In the description herein, the description of the terms "one embodiment," "some embodiments," "specific embodiments," etc., means that a particular feature, structure, material, or characteristic described in connection with the embodiment or example is included in at least one embodiment or example of the invention. In this specification, the schematic representations of the terms used above do not necessarily refer to the same embodiment or example.
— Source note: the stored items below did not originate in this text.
(* With v_i = K (i - 1), the set common_nbhd E X K j is the X_j of the greedy extension. *)
definition common_nbhd :: "('a \<Rightarrow> 'a \<Rightarrow> bool) \<Rightarrow> 'a set \<Rightarrow> (nat \<Rightarrow> 'a) \<Rightarrow> nat \<Rightarrow> 'a set" where
  "common_nbhd E X K j = {x \<in> X. \<forall>i<j. E (K i) x}"

lemma common_nbhd_0 [simp]: "common_nbhd E X K 0 = X"
  by (simp add: common_nbhd_def)

lemma common_nbhd_subset: "common_nbhd E X K j \<subseteq> X"
  by (auto simp: common_nbhd_def)

lemma card_common_nbhd_Suc:
  "card (common_nbhd E X K (Suc j)) = deg_in E (common_nbhd E X K j) (K j)"
proof -
  have "common_nbhd E X K (Suc j) = {x \<in> common_nbhd E X K j. E (K j) x}"
    by (auto simp: common_nbhd_def less_Suc_eq)
  then show ?thesis by (simp add: deg_in_def)
qed

lemma common_nbhd_fun_upd: "j \<le> i \<Longrightarrow> common_nbhd E X (K(i := v)) j = common_nbhd E X K j"
  by (auto simp: common_nbhd_def)

lemma card_common_nbhd_ge_power:
  fixes q :: real
  assumes "0 \<le> q"
    and "\<forall>i<j. q * real (card (common_nbhd E X K i)) \<le> real (deg_in E (common_nbhd E X K i) (K i))"
  shows "q ^ j * real (card X) \<le> real (card (common_nbhd E X K j))"
  using assms(2)
proof (induction j)
  case 0
  show ?case by simp
next
  case (Suc j)
  have "q ^ Suc j * real (card X) \<le> q * real (card (common_nbhd E X K j))"
    using Suc assms(1) by (simp add: mult.assoc mult_left_mono)
  also have "\<dots> \<le> real (card (common_nbhd E X K (Suc j)))"
    using Suc.prems by (simp add: card_common_nbhd_Suc)
  finally show ?case .
qed

lemma card_PiE_fibres_le:
  fixes c :: real
  assumes "finite I" "\<forall>i\<in>I. finite (Vs i)" "B \<subseteq> Pi\<^sub>E I Vs"
    and F: "\<And>t. finite (F t)" "\<And>t. real (card (F t)) \<le> c"
    and fibre: "\<And>K. K \<in> B \<Longrightarrow> K j \<in> F (K(j := undefined))"
  shows "real (card B) \<le> c * (\<Prod>i\<in>I - {j}. real (card (Vs i)))"
proof -
  define T where "T = Pi\<^sub>E (I - {j}) Vs"
  have finT: "finite T" unfolding T_def using assms(1,2) by (intro finite_PiE) auto
  have "card B \<le> card (Sigma T F)"
  proof (rule card_inj_on_le)
    show "inj_on (\<lambda>K. (K(j := undefined), K j)) B"
      by (rule inj_onI) (metis fun_upd_triv fun_upd_upd prod.inject)
    show "(\<lambda>K. (K(j := undefined), K j)) ` B \<subseteq> Sigma T F"
      using assms(3) fibre by (fastforce simp: T_def PiE_iff extensional_def)
    show "finite (Sigma T F)" using finT F(1) by blast
  qed
  also have "\<dots> = (\<Sum>t\<in>T. card (F t))" using finT F(1) by simp
  finally have "real (card B) \<le> (\<Sum>t\<in>T. real (card (F t)))" by (simp flip: of_nat_sum)
  also have "\<dots> \<le> real (card T) * c" using F(2) by (rule sum_bounded_above)
  also have "card T = (\<Prod>i\<in>I - {j}. card (Vs i))" unfolding T_def using assms(1) by (simp add: card_PiE)
  finally show ?thesis by (simp add: mult.commute)
qed

lemma finite_canonical_copies:
  "\<forall>i<h. finite (Vs i) \<Longrightarrow> finite (canonical_copies E h Vs)"
  unfolding canonical_copies_def by (rule finite_subset[of _ "Pi\<^sub>E {..<h} Vs"]) (auto intro: finite_PiE)

lemma canonical_copies_fun_upd:
  assumes sym: "symp E"
    and K: "K \<in> canonical_copies E h Vs" and x: "x \<in> common_nbhd E X K h"
  shows "K(h := x) \<in> canonical_copies E (h + 1) (Vs(h := X))"
proof -
  have "K \<in> Pi\<^sub>E {..<h} Vs" and "\<And>i j. i < h \<Longrightarrow> j < h \<Longrightarrow> i \<noteq> j \<Longrightarrow> E (K i) (K j)"
    using K by (auto simp: canonical_copies_def)
  moreover have "x \<in> X" and "\<And>i. i < h \<Longrightarrow> E (K i) x"
    using x by (auto simp: common_nbhd_def)
  ultimately show ?thesis
    unfolding canonical_copies_def using sym
    by (auto simp: PiE_iff extensional_def less_Suc_eq dest: sympD)
qed

lemma sum_card_common_nbhd_le:
  assumes sym: "symp E"
    and fin: "\<forall>i<h. finite (Vs i)" "finite X" and G: "G \<subseteq> canonical_copies E h Vs"
  shows "(\<Sum>K\<in>G. card (common_nbhd E X K h)) \<le> card (canonical_copies E (h + 1) (Vs(h := X)))"
proof -
  have finG: "finite G" using finite_canonical_copies[OF fin(1)] G by (rule rev_finite_subset)
  have "(\<Sum>K\<in>G. card (common_nbhd E X K h)) = card (SIGMA K:G. common_nbhd E X K h)"
    using finG fin(2) by (intro card_SigmaI[symmetric]) (auto intro: finite_subset[OF common_nbhd_subset])
  also have "\<dots> \<le> card (canonical_copies E (h + 1) (Vs(h := X)))"
  proof (rule card_inj_on_le)
    have "K h = undefined" if "K \<in> G" for K
      using that G by (auto simp: canonical_copies_def intro: PiE_arb)
    then show "inj_on (\<lambda>(K, x). K(h := x)) (SIGMA K:G. common_nbhd E X K h)"
      by (auto simp: inj_on_def fun_eq_iff) metis
    show "(\<lambda>(K, x). K(h := x)) ` (SIGMA K:G. common_nbhd E X K h) \<subseteq> canonical_copies E (h + 1) (Vs(h := X))"
      using G canonical_copies_fun_upd[OF sym] by auto
    show "finite (canonical_copies E (h + 1) (Vs(h := X)))"
      using fin by (intro finite_canonical_copies) (auto simp: less_Suc_eq)
  qed
  finally show ?thesis .
qed

definition low_at :: "('a \<Rightarrow> 'a \<Rightarrow> bool) \<Rightarrow> (nat \<Rightarrow> 'a set) \<Rightarrow> 'a set \<Rightarrow> real \<Rightarrow> (nat \<Rightarrow> 'a) \<Rightarrow> nat \<Rightarrow> bool" where
  "low_at E Vs X q K j \<longleftrightarrow> K j \<in> low_deg E (Vs j) (common_nbhd E X K j) q"

lemma card_common_nbhd_ge_power_if_not_low_at:
  fixes q :: real
  assumes "0 \<le> q" "K \<in> Pi\<^sub>E {..<h} Vs" "j \<le> h" "\<forall>i<j. \<not> low_at E Vs X q K i"
  shows "q ^ j * real (card X) \<le> real (card (common_nbhd E X K j))"
  using assms by (intro card_common_nbhd_ge_power) (auto simp: low_at_def low_deg_def not_less)

lemma card_first_low_at_le:
  fixes q L c :: real
  assumes fin: "\<forall>i<h. finite (Vs i)" and "0 \<le> q" "0 \<le> c" "j < h"
    and L: "L \<le> q ^ j * real (card X)"
    and few: "\<And>X'. X' \<subseteq> X \<Longrightarrow> L \<le> real (card X') \<Longrightarrow> real (card (low_deg E (Vs j) X' q)) \<le> c"
  shows "real (card {K \<in> canonical_copies E h Vs. low_at E Vs X q K j \<and> (\<forall>i<j. \<not> low_at E Vs X q K i)})
    \<le> c * (\<Prod>i\<in>{..<h} - {j}. real (card (Vs i)))"
proof -
  define F where "F t = (if L \<le> real (card (common_nbhd E X t j))
    then low_deg E (Vs j) (common_nbhd E X t j) q else {})" for t
  have "K j \<in> F (K(j := undefined))"
    if "K \<in> canonical_copies E h Vs" "low_at E Vs X q K j" "\<forall>i<j. \<not> low_at E Vs X q K i" for K
  proof -
    have "K \<in> Pi\<^sub>E {..<h} Vs" using that(1) by (simp add: canonical_copies_def)
    then have "L \<le> real (card (common_nbhd E X K j))"
      using L card_common_nbhd_ge_power_if_not_low_at[OF \<open>0 \<le> q\<close> _ less_imp_le[OF \<open>j < h\<close>] that(3)]
      by linarith
    then show ?thesis using that(2) by (simp add: F_def common_nbhd_fun_upd low_at_def)
  qed
  moreover have "finite (F t)" "real (card (F t)) \<le> c" for t
    using fin \<open>j < h\<close> few[OF common_nbhd_subset] \<open>0 \<le> c\<close> by (auto simp: F_def low_deg_def)
  ultimately show ?thesis
    using fin by (intro card_PiE_fibres_le[where F = F]) (auto simp: canonical_copies_def)
qed

lemma card_canonical_copies_le_by_first_low_at:
  assumes fin: "\<forall>i<h. finite (Vs i)" and low0: "low_deg E (Vs 0) X q = {}"
  shows "card (canonical_copies E h Vs)
    \<le> card {K \<in> canonical_copies E h Vs. \<forall>i<h. \<not> low_at E Vs X q K i}
      + (\<Sum>j\<in>{1..<h}. card {K \<in> canonical_copies E h Vs.
          low_at E Vs X q K j \<and> (\<forall>i<j. \<not> low_at E Vs X q K i)})"
proof -
  define S where "S = canonical_copies E h Vs"
  define good where "good = {K \<in> S. \<forall>i<h. \<not> low_at E Vs X q K i}"
  define bad where "bad j = {K \<in> S. low_at E Vs X q K j \<and> (\<forall>i<j. \<not> low_at E Vs X q K i)}" for j
  have "S \<subseteq> good \<union> (\<Union>j\<in>{1..<h}. bad j)"
  proof
    fix K assume K: "K \<in> S"
    show "K \<in> good \<union> (\<Union>j\<in>{1..<h}. bad j)"
    proof (cases "K \<in> good")
      case False
      then obtain j where j: "j < h" "low_at E Vs X q K j" and first: "\<forall>i<j. \<not> low_at E Vs X q K i"
        using K exists_least_iff[of "\<lambda>j. j < h \<and> low_at E Vs X q K j"] unfolding good_def by auto
      have "j \<noteq> 0" using j(2) low0 by (metis common_nbhd_0 empty_iff low_at_def)
      then show ?thesis using K j first unfolding bad_def by auto
    qed simp
  qed
  moreover have "finite S" unfolding S_def using fin by (rule finite_canonical_copies)
  ultimately have "card S \<le> card (good \<union> (\<Union>j\<in>{1..<h}. bad j))"
    by (intro card_mono) (auto simp: good_def bad_def)
  also have "\<dots> \<le> card good + (\<Sum>j\<in>{1..<h}. card (bad j))"
    using card_Un_le card_UN_le[of "{1..<h}" bad] by (meson add_left_mono finite_atLeastLessThan le_trans)
  finally show ?thesis unfolding S_def good_def bad_def .
qed

lemma card_copies_extension_ge:
  fixes q L \<theta> :: real
  assumes sym: "symp E" and fin: "\<forall>i<h. finite (Vs i)" "finite X"
    and "0 \<le> q" "0 \<le> \<theta>"
    and L: "\<And>j. j < h \<Longrightarrow> L \<le> q ^ j * real (card X)"
    and low0: "low_deg E (Vs 0) X q = {}"
    and few: "\<And>j X'. j < h \<Longrightarrow> X' \<subseteq> X \<Longrightarrow> L \<le> real (card X') \<Longrightarrow>
      real (card (low_deg E (Vs j) X' q)) \<le> \<theta> * real (card (Vs j))"
  shows "(real (card (canonical_copies E h Vs)) - real (h - 1) * \<theta> * (\<Prod>i<h. real (card (Vs i))))
      * (q ^ h * real (card X))
    \<le> real (card (canonical_copies E (h + 1) (Vs(h := X))))"
proof -
  define S where "S = canonical_copies E h Vs"
  define PP where "PP = (\<Prod>i<h. real (card (Vs i)))"
  define good where "good = {K \<in> S. \<forall>i<h. \<not> low_at E Vs X q K i}"
  define bad where "bad j = {K \<in> S. low_at E Vs X q K j \<and> (\<forall>i<j. \<not> low_at E Vs X q K i)}" for j
  have "real (card (bad j)) \<le> \<theta> * PP" if "j < h" for j
  proof -
    have "real (card (bad j)) \<le> \<theta> * real (card (Vs j)) * (\<Prod>i\<in>{..<h} - {j}. real (card (Vs i)))"
      unfolding bad_def S_def using fin(1) \<open>0 \<le> q\<close> \<open>0 \<le> \<theta>\<close> that L[OF that] few[OF that]
      by (intro card_first_low_at_le) auto
    also have "\<dots> = \<theta> * PP" using that by (simp add: PP_def prod.remove mult.assoc)
    finally show ?thesis .
  qed
  then have "(\<Sum>j\<in>{1..<h}. real (card (bad j))) \<le> real (h - 1) * \<theta> * PP"
    using sum_mono[of "{1..<h}" "\<lambda>j. real (card (bad j))" "\<lambda>_. \<theta> * PP"] by simp
  moreover have "real (card S) \<le> real (card good) + (\<Sum>j\<in>{1..<h}. real (card (bad j)))"
    using card_canonical_copies_le_by_first_low_at[OF fin(1) low0] unfolding S_def good_def bad_def
    by (simp flip: of_nat_sum of_nat_add)
  ultimately have "(real (card S) - real (h - 1) * \<theta> * PP) * (q ^ h * real (card X))
      \<le> (\<Sum>K\<in>good. q ^ h * real (card X))"
    using \<open>0 \<le> q\<close> by (simp add: mult_right_mono)
  also have "\<dots> \<le> (\<Sum>K\<in>good. real (card (common_nbhd E X K h)))"
    using \<open>0 \<le> q\<close> by (intro sum_mono card_common_nbhd_ge_power_if_not_low_at[where Vs = Vs and h = h])
      (auto simp: good_def S_def canonical_copies_def)
  also have "\<dots> \<le> real (card (canonical_copies E (h + 1) (Vs(h := X))))"
    using sum_card_common_nbhd_le[OF sym fin, of good] unfolding good_def S_def
    by (simp flip: of_nat_sum)
  finally show ?thesis unfolding S_def PP_def .
qed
Furthermore, the particular features, structures, materials, or characteristics described may be combined in any suitable manner in any one or more embodiments or examples.

The above is only a preferred embodiment of the present invention, and is not intended to limit the present invention, and various modifications and changes will occur to those skilled in the art. Any modification, equivalent replacement, or improvement made within the spirit and principle of the present invention should be included in the protection scope of the present invention.